<<<<
(* Let $K$ be an algebraically closed field of characteristic $0$ and let $X$ be a finite set of distinct points in $\mathbb{P}^1\times\mathbb{P}^1\times\mathbb{P}^1$ over $K$. Let $t_1=|\pi_1(X)|$ and $t_2=|\pi_2(X)|$. Then for all integers $k\ge0$, \[ H_X(t_1-1,t_2-1,k)=\sum_{m=1}^{k+1}\left(\sum_{n=m}^{\infty} r_n(X)\right). \]
   Context: Let $R=K[x_0,x_1,y_0,y_1,z_0,z_1]$ be $\mathbb{N}^3$-graded with $\deg x_i=(1,0,0)$, $\deg y_i=(0,1,0)$, $\deg z_i=(0,0,1)$. For a point $P=[a_0:a_1]\times[b_0:b_1]\times[c_0:c_1]$, $I(P)=(a_1x_0-a_0x_1,\,b_1y_0-b_0y_1,\,c_1z_0-c_0z_1)$, and for $X=\{P_1,\dots,P_s\}$, $I(X)=\bigcap_i I(P_i)$. The Hilbert function is $H_X(i,j,k)=\dim_K R_{i,j,k}-\dim_K I(X)_{i,j,k}$. $\pi_i$ is the projection to the $i$-th factor $\mathbb{P}^1$. A line of type $(1,1,0)$ is the subvariety defined by an ideal $(L,L')$ with $L\in R_{1,0,0}$, $L'\in R_{0,1,0}$ nonzero. For $i\ge1$, $r_i(X)$ is the number of lines of type $(1,1,0)$ containing exactly $i$ points of $X$ (zero for all but finitely many $i$). *)

theory Defs
  imports "HOL-Library.Poly_Mapping" "HOL-Computational_Algebra.Polynomial"
begin

text \<open>Polynomials in the variables x0,x1,y0,y1,z0,z1, encoded as variables 0,...,5
  of the multivariate polynomial ring ((nat =>0 nat) =>0 'a) (monomial = exponent vector).\<close>

type_synonym 'a mpoly = "(nat \<Rightarrow>\<^sub>0 nat) \<Rightarrow>\<^sub>0 'a"
(* Let $U:\mathbb R^d\times\mathcal P_2\to\mathbb R$ be such that $\partial_xU\in\mathcal C^1(\mathbb R^d\times\mathcal P_2)$, and assume $U$ is displacement monotone in the sense that for all $\xi,\eta\in\mathbb L^2$, $$(d_xd)_\xi U(\eta,\eta):=\tilde{\mathbb E}\Big[\big\langle\partial_{x\mu}U(\xi,\mathcal L_\xi,\tilde\xi)\tilde\eta,\eta\big\rangle+\big\langle\partial_{xx}U(\xi,\mathcal L_\xi)\eta,\eta\big\rangle\Big]\ge 0 .$$ Then $\partial_{xx}U(x,\mu)$ is nonnegative definite for every $(x,\mu)\in\mathbb R^d\times\mathcal P_2$.
   Context: $\mathcal P_2$ is the set of Borel probability measures on $\mathbb R^d$ with finite second moment, with the distance $W_2$. $\mathbb L^2$ denotes the set of square-integrable $\mathbb R^d$-valued random variables on a fixed atomless probability space; $\mathcal L_\xi$ is the law of $\xi$. Given $(\xi,\eta)$, $(\tilde\xi,\tilde\eta)$ denotes an independent copy of $(\xi,\eta)$ (on a product extension of the space) and $\tilde{\mathbb E}$ is the expectation under the joint law. The Wasserstein derivative $\partial_\mu$ of a function of $\mu\in\mathcal P_2$ is characterized by $U(\mathcal L_{\xi+\eta})-U(\mathcal L_\xi)=\mathbb E[\langle\partial_\mu U(\mathcal L_\xi,\xi),\eta\rangle]+o(\|\eta\|_{L^2})$ (with $\partial_\mu U(\mu,\cdot)$ in the $L^2_\mu$-closure of gradients of $C_c^\infty$ functions). $\mathcal C^1(\mathbb R^d\times\mathcal P_2)$ denotes continuous functions $F(x,\mu)$ (here possibly vector valued) such that $\partial_xF$ and $\partial_\mu F(x,\mu,\tilde x)$ exist and have jointly continuous extensions to $\mathbb R^d\times\mathcal P_2$, resp. $\mathbb R^d\times\mathcal P_2\times\mathbb R^d$. Notation: $\partial_{x\mu}U(x,\mu,\tilde x):=\partial_x[(\partial_\mu U(x,\mu,\tilde x))^\top]\in\mathbb R^{d\times d}$. *)

theory Defs
  imports "HOL-Probability.Probability"
begin

definition P2 :: "'a::euclidean_space measure set" where
  "P2 = {\<mu>. prob_space \<mu> \<and> sets \<mu> = sets (borel :: 'a measure) \<and>
             integrable \<mu> (\<lambda>x. (norm x)\<^sup>2)}"

definition couplings :: "'a::euclidean_space measure \<Rightarrow> 'a measure \<Rightarrow> ('a \<times> 'a) measure set" where
  "couplings \<mu> \<nu> = {\<pi>. prob_space \<pi> \<and> sets \<pi> = sets (borel :: ('a \<times> 'a) measure) \<and>
                       distr \<pi> borel fst = \<mu> \<and> distr \<pi> borel snd = \<nu>}"

definition W2 :: "'a::euclidean_space measure \<Rightarrow> 'a measure \<Rightarrow> real" where
  "W2 \<mu> \<nu> = sqrt (enn2real (INF \<pi>\<in>couplings \<mu> \<nu>.
                      \<integral>\<^sup>+ p. ennreal ((norm (fst p - snd p))\<^sup>2) \<partial>\<pi>))"

definition atomless :: "'w measure \<Rightarrow> bool" where
  "atomless M \<longleftrightarrow> (\<forall>A\<in>sets M. 0 < measure M A \<longrightarrow>
      (\<exists>B\<in>sets M. B \<subseteq> A \<and> 0 < measure M B \<and> measure M B < measure M A))"

definition L2 :: "'w measure \<Rightarrow> ('w \<Rightarrow> 'a::euclidean_space) set" where
  "L2 M = {\<xi>. \<xi> \<in> borel_measurable M \<and> integrable M (\<lambda>\<omega>. (norm (\<xi> \<omega>))\<^sup>2)}"

definition L2norm :: "'w measure \<Rightarrow> ('w \<Rightarrow> 'a::euclidean_space) \<Rightarrow> real" where
  "L2norm M \<eta> = sqrt (\<integral>\<omega>. (norm (\<eta> \<omega>))\<^sup>2 \<partial>M)"

definition law :: "'w measure \<Rightarrow> ('w \<Rightarrow> 'a::euclidean_space) \<Rightarrow> 'a measure" where
  "law M \<xi> = distr M borel \<xi>"

definition has_W_derivative ::
  "'w measure \<Rightarrow> ('a::euclidean_space measure \<Rightarrow> 'b::euclidean_space)
     \<Rightarrow> ('a measure \<Rightarrow> 'a \<Rightarrow> ('a \<Rightarrow>\<^sub>L 'b)) \<Rightarrow> bool" where
  "has_W_derivative M \<Phi> D \<longleftrightarrow>
     (\<forall>\<mu>\<in>P2. integrable \<mu> (\<lambda>y. (norm (D \<mu> y))\<^sup>2)) \<and>
     (\<forall>\<xi>\<in>L2 M. \<forall>e>0. \<exists>d>0. \<forall>\<eta>\<in>L2 M. L2norm M \<eta> < d \<longrightarrow>
        norm (\<Phi> (law M (\<lambda>\<omega>. \<xi> \<omega> + \<eta> \<omega>)) - \<Phi> (law M \<xi>)
              - (\<integral>\<omega>. blinfun_apply (D (law M \<xi>) (\<xi> \<omega>)) (\<eta> \<omega>) \<partial>M))
          \<le> e * L2norm M \<eta>)"

definition cont_xP2 :: "('a::euclidean_space \<Rightarrow> 'a measure \<Rightarrow> 'b::metric_space) \<Rightarrow> bool" where
  "cont_xP2 F \<longleftrightarrow> (\<forall>x. \<forall>\<mu>\<in>P2. \<forall>e>0. \<exists>d>0. \<forall>y. \<forall>\<nu>\<in>P2.
      dist y x < d \<and> W2 \<nu> \<mu> < d \<longrightarrow> dist (F y \<nu>) (F x \<mu>) < e)"

definition cont_xP2x :: "('a::euclidean_space \<Rightarrow> 'a measure \<Rightarrow> 'a \<Rightarrow> 'b::metric_space) \<Rightarrow> bool" where
  "cont_xP2x F \<longleftrightarrow> (\<forall>x. \<forall>\<mu>\<in>P2. \<forall>z. \<forall>e>0. \<exists>d>0. \<forall>y. \<forall>\<nu>\<in>P2. \<forall>w.
      dist y x < d \<and> W2 \<nu> \<mu> < d \<and> dist w z < d \<longrightarrow> dist (F y \<nu> w) (F x \<mu> z) < e)"

end

(*
  As the underlying space is atomless, it carries random variables \<xi>
  whose laws converge to \<mu> in W_2 and which equal x on events A of positive but vanishing
  probability: quantize \<mu>, realize the quantized law on the space, and reserve a small event for
  an atom at x. Testing displacement monotonicity with \<eta> = 1_A v gives
    P(A)^2 <d_x d_mu U(x, L_\<xi>, x) v, v> + P(A) <d_xx U(x, L_\<xi>) v, v> >= 0;
  dividing by P(A) and letting P(A) -> 0, L_\<xi> -> \<mu>, continuity of the two second derivatives
  yields <d_xx U(x, \<mu>) v, v> >= 0. No other regularity of U is needed.
*)
theory Submission
  imports Defs
begin

section \<open>Atomless measures\<close>

lemma (in finite_measure) atomless_small_subset:
  assumes atomless: "atomless M" and A: "A \<in> sets M" "0 < measure M A" and e: "0 < e"
  shows "\<exists>B\<in>sets M. B \<subseteq> A \<and> 0 < measure M B \<and> measure M B < e"
proof -
  have halving: "\<exists>B\<in>sets M. B \<subseteq> A \<and> 0 < measure M B \<and> measure M B \<le> measure M A / 2^n" for n
  proof (induction n)
    case 0
    then show ?case using A by auto
  next
    case (Suc n)
    then obtain B where B: "B \<in> sets M" "B \<subseteq> A" "0 < measure M B" "measure M B \<le> measure M A / 2^n"
      by blast
    then obtain C where C: "C \<in> sets M" "C \<subseteq> B" "0 < measure M C" "measure M C < measure M B"
      using atomless unfolding atomless_def by blast
    have BC: "B - C \<in> sets M" "measure M (B - C) = measure M B - measure M C"
      using B C by (auto simp: finite_measure_Diff)
    have half: "m \<le> measure M A / 2 ^ Suc n" if "m \<le> measure M B / 2" for m
    proof -
      have "m * 2 ^ Suc n \<le> measure M B * 2 ^ n"
        using that by (simp add: field_simps mult_right_mono)
      also have "\<dots> \<le> measure M A" using B(4) by (simp add: field_simps)
      finally show ?thesis by (simp add: field_simps)
    qed
    consider "measure M C \<le> measure M B / 2" | "measure M (B - C) \<le> measure M B / 2"
      using BC by linarith
    then show ?case
    proof cases
      case 1
      then show ?thesis using B C by (intro bexI[of _ C]) (auto intro: half)
    next
      case 2
      then show ?thesis using B C BC by (intro bexI[of _ "B - C"]) (auto intro: half)
    qed
  qed
  obtain n where "measure M A / e < 2^n"
    using real_arch_pow[of 2 "measure M A / e"] by auto
  then have "measure M A / 2^n < e" using e by (simp add: field_simps)
  with halving[of n] show ?thesis by (meson le_less_trans)
qed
>>>>
**Assignment**
From the records above, quote only the lines running from the line with "A / 2 ^ Suc" to the line with "e by (simp add: field_simps)", both lines included.

**Written answer**
    have half: "m \<le> measure M A / 2 ^ Suc n" if "m \<le> measure M B / 2" for m
    proof -
      have "m * 2 ^ Suc n \<le> measure M B * 2 ^ n"
        using that by (simp add: field_simps mult_right_mono)
      also have "\<dots> \<le> measure M A" using B(4) by (simp add: field_simps)
      finally show ?thesis by (simp add: field_simps)
    qed
    consider "measure M C \<le> measure M B / 2" | "measure M (B - C) \<le> measure M B / 2"
      using BC by linarith
    then show ?case
    proof cases
      case 1
      then show ?thesis using B C by (intro bexI[of _ C]) (auto intro: half)
    next
      case 2
      then show ?thesis using B C BC by (intro bexI[of _ "B - C"]) (auto intro: half)
    qed
  qed
  obtain n where "measure M A / e < 2^n"
    using real_arch_pow[of 2 "measure M A / e"] by auto
  then have "measure M A / 2^n < e" using e by (simp add: field_simps)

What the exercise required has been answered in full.